Thursday, May 10, 2018

On Failure

All my life I have been afraid to try anything that I wasn't certain that I would be perfect at on the first try. If I tried and failed I would blame it on someone/something else. If it got too hard, I quit. It was that simple. If I wasn't the best immediately, there wasn't any point in me doing it. My parents tried to convince me otherwise, but I thought I knew better. As I've gotten older I've learned that no one is the best at everything on the first try, sometimes they might never be the best, but that doesn't mean they shouldn't do it. That I shouldn't do it.

Failure, to me, was a fatal error that would cause the world to come crashing down around me.  I would get so concerned with all the ways that things could go wrong and what the possible results of that were that I never took the time to look at what could go right. Failure was a sign that I wasn't good enough and would never be good enough. It was an opportunity to open myself up to ridicule. There's a lot of things I never tried when I was younger, simply because I was afraid to fail.

I'm older now, and working on becoming wiser, and am pushing myself in ways that I never thought were possible before. I started a career in an industry I knew nothing about, and with the very real possibility that I might fail. I'm about 2 months in now and I'm so far outside of my comfort zone that there's no safety line long enough to reel me back in; I've never felt better in my life. I'm challenged every day and have small failures on a daily basis. But I'm learning to view those moments not as failures but as opportunities to learn and grow. I've learned that if I've never failed, then I've never really tried.

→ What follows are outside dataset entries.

lemma drop_level_remove_top:
  assumes "stacked H" and "top_piece H (s, l)" and "0 < l"
  shows "drop_level (H - {(s, l)}) s = l"
proof -
  have fin: "finite H" and sl: "(s, l) \<in> H"
    using assms(1,2) by (auto simp: stacked_def top_piece_def)
  obtain t0 where t0: "(t0, l - 1) \<in> H" "concurrent s t0"
    using assms(1,3) sl unfolding stacked_def by blast
  have "h \<le> l - 1" if th: "(t, h) \<in> H - {(s, l)}" and c: "concurrent s t" for t h
  proof -
    have "h \<le> l" using assms(2) th c by (auto simp: top_piece_def)
    moreover have "h \<noteq> l"
      using assms(1) sl th c unfolding stacked_def by auto
    ultimately show ?thesis by simp
  qed
  moreover have "(t0, l - 1) \<in> H - {(s, l)}" using t0(1) \<open>0 < l\<close> by auto
  ultimately have "drop_level (H - {(s, l)}) s = Suc (l - 1)"
    using fin t0(2) by (intro drop_level_eqI) auto
  with \<open>0 < l\<close> show ?thesis by simp
qed

lemma top_piece_level_pos:
  assumes "stacked H" and ground: "{p \<in> H. snd p = 0} = {(0, 0)}" and "2 \<le> card H"
    and top: "top_piece H p"
  shows "0 < snd p"
proof (rule ccontr)
  assume "\<not> 0 < snd p"
  then have "p \<in> {p \<in> H. snd p = 0}" using top by (simp add: top_piece_def)
  then have p: "p = (0, 0)" using ground by blast
  have "card (H - {(0, 0)}) \<noteq> 0"
    using \<open>2 \<le> card H\<close> by (simp add: card_Diff_singleton_if)
  then obtain q where q: "q \<in> H" "q \<noteq> (0, 0)" by (metis card.empty ex_in_conv Diff_iff singletonI)
  have "0 < snd q"
  proof (rule ccontr)
    assume "\<not> 0 < snd q"
    with q(1) have "q \<in> {p \<in> H. snd p = 0}" by simp
    with ground q(2) show False by simp
  qed
  then obtain t where t1: "(t, 1) \<in> H"
    using stacked_level_below[OF assms(1), of "fst q" "snd q" 1] q(1) by auto
  then obtain t' where "(t', 0) \<in> H" "concurrent t t'"
    using assms(1) unfolding stacked_def by (metis diff_self_eq_0 zero_less_one)
  then have "(t', 0) \<in> {p \<in> H. snd p = 0}" by simp
  then have "t' = 0" using ground by simp
  with \<open>concurrent t t'\<close> have "concurrent (fst p) (fst (t, 1::nat))" by (simp add: p concurrent_sym)
  with top t1 have "snd (t, 1::nat) \<le> snd p" unfolding top_piece_def by blast
  with p show False by simp
qed

lemma leftmost_top_remove:
  assumes "finite H" and "top_piece H p" and "fst p = leftmost_top H" and "H - {p} \<noteq> {}"
  shows "fst p \<le> leftmost_top (H - {p}) + 1"
proof -
  obtain q where q: "top_piece (H - {p}) q" and lm: "fst q = leftmost_top (H - {p})"
    using leftmost_top_attained[OF _ assms(4)] assms(1) by blast
  show ?thesis
  proof (cases "concurrent (fst q) (fst p)")
    case True
    with lm show ?thesis by (simp add: concurrent_def)
  next
    case False
    with q have "top_piece H q" by (auto simp: top_piece_def)
    with assms(1,3) have "fst p \<le> fst q" by (metis leftmost_top_le)
    with lm show ?thesis by simp
  qed
qed

lemma pyramid_of_Cons_top:
  assumes "stacked H" and "top_piece H (int x, l)" and "0 < l"
    and "pyramid_of b = H - {(int x, l)}"
  shows "pyramid_of (x # b) = H"
proof -
  have "drop_level (pyramid_of b) (int x) = l"
    unfolding assms(4) using assms(1-3) by (rule drop_level_remove_top)
  with assms(2,4) show ?thesis by (auto simp: top_piece_def)
qed

lemma pyramid_of_surj:
  assumes "stacked H" and "{p \<in> H. snd p = 0} = {(0, 0)}" and "\<forall>p\<in>H. 0 \<le> fst p"
  shows "\<exists>b. admissible b \<and> length b = card H \<and> pyramid_of b = H"
  using assms
proof (induction "card H" arbitrary: H rule: less_induct)
  case less
  have fin: "finite H" using less.prems(1) by (simp add: stacked_def)
  have "(0, 0) \<in> H" using less.prems(2) by blast
  show ?case
  proof (cases "card H \<le> 1")
    case True
    with fin \<open>(0, 0) \<in> H\<close> have "H = {(0, 0)}" by (auto simp: card_le_Suc0_iff_eq)
    then show ?thesis by (intro exI[of _ "[0]"]) simp
  next
    case False
    then have "H \<noteq> {}" by auto
    with fin obtain j l where top: "top_piece H (j, l)" and lm: "j = leftmost_top H"
      by (metis leftmost_top_attained prod.collapse)
    have "0 < l" using top_piece_level_pos[OF less.prems(1,2) _ top] False by simp
    define H0 where "H0 = H - {(j, l)}"
    have jl: "(j, l) \<in> H" using top by (simp add: top_piece_def)
    have card0: "card H0 = card H - 1" using fin jl by (simp add: H0_def)
    with False have "H0 \<noteq> {}" by auto
    have "stacked H0" unfolding H0_def using less.prems(1) top by (rule stacked_remove_top)
    moreover have "{p \<in> H0. snd p = 0} = {p \<in> H. snd p = 0}"
      using \<open>0 < l\<close> by (auto simp: H0_def)
    with less.prems(2) have "{p \<in> H0. snd p = 0} = {(0, 0)}" by simp
    moreover have "\<forall>p\<in>H0. 0 \<le> fst p" using less.prems(3) by (simp add: H0_def)
    ultimately obtain b where b: "admissible b" "length b = card H0" "pyramid_of b = H0"
      using less.hyps[of H0] card0 False by auto
    then obtain y r where b_eq: "b = y # r" by (cases b) auto
    have "0 \<le> j" using less.prems(3) jl by auto
    then obtain x where x: "j = int x" by (metis nonneg_eq_int)
    have "j \<le> leftmost_top H0 + 1"
      using leftmost_top_remove[OF fin top] lm \<open>H0 \<noteq> {}\<close> by (simp add: H0_def)
    moreover have "leftmost_top H0 = int y"
      using leftmost_top_pyramid_of[OF b(1)] b(3) b_eq by simp
    ultimately have "admissible (x # b)" using b(1) b_eq x by simp
    moreover have "pyramid_of (x # b) = H"
      using less.prems(1) top[unfolded x] \<open>0 < l\<close> b(3)[unfolded H0_def x]
      by (rule pyramid_of_Cons_top)
    moreover have "length (x # b) = card H"
      using b(2) card0 False by simp
    ultimately show ?thesis by blast
  qed
qed

lemma bij_betw_pyramid_of:
  "bij_betw pyramid_of {b. admissible b \<and> length b = m} {H. right_0_pyramid H \<and> card H = m}"
proof (rule bij_betw_imageI)
  show "inj_on pyramid_of {b. admissible b \<and> length b = m}"
    using inj_on_pyramid_of by (rule inj_on_subset) blast
  have "\<exists>b. admissible b \<and> length b = card H \<and> pyramid_of b = H" if "right_0_pyramid H" for H
  proof -
    have "heap H" and ground1: "card {p \<in> H. snd p = 0} = 1" and "(0, 0) \<in> H"
      and nonneg: "\<forall>p\<in>H. 0 \<le> fst p"
      using that by (auto simp: right_0_pyramid_def pyramid_def)
    obtain a where a: "{p \<in> H. snd p = 0} = {a}" using ground1 by (rule card_1_singletonE)
    have "(0, 0) \<in> {p \<in> H. snd p = 0}" using \<open>(0, 0) \<in> H\<close> by simp
    with a have "{p \<in> H. snd p = 0} = {(0, 0)}" by simp
    with heap_stacked[OF \<open>heap H\<close>] nonneg show ?thesis by (intro pyramid_of_surj)
  qed
  then show "pyramid_of ` {b. admissible b \<and> length b = m} = {H. right_0_pyramid H \<and> card H = m}"
    using right_0_pyramid_pyramid_of card_pyramid_of by (auto simp: image_iff)
qed

theorem lemma2:
  fixes m :: nat
  assumes "m \<ge> 1"
  shows "\<exists>f. bij_betw f {xs. positive_string m xs}
                         {H. right_0_pyramid H \<and> card H = m}"
  using bij_betw_trans[OF bij_betw_inv_into[OF bij_betw_dyck_of[OF assms]] bij_betw_pyramid_of]
  by blast

end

Albert Einstein once said, "Failure is Success in progress." I never was able to see it before, but every day I'm finding my failures and turning them into lessons instead of judgments. I'm not perfect, I never will be, and the only one who has ever expected that of me is myself. I would be lying if I said that I'm always looking on the bright side of my shortcomings, it's a work in progress just like everything else in life, but I work hard every day to be a better person than the day I was before and slowly but surely I move forward towards a better version of myself.

I'm not a "Failure" I'm just "In Progress".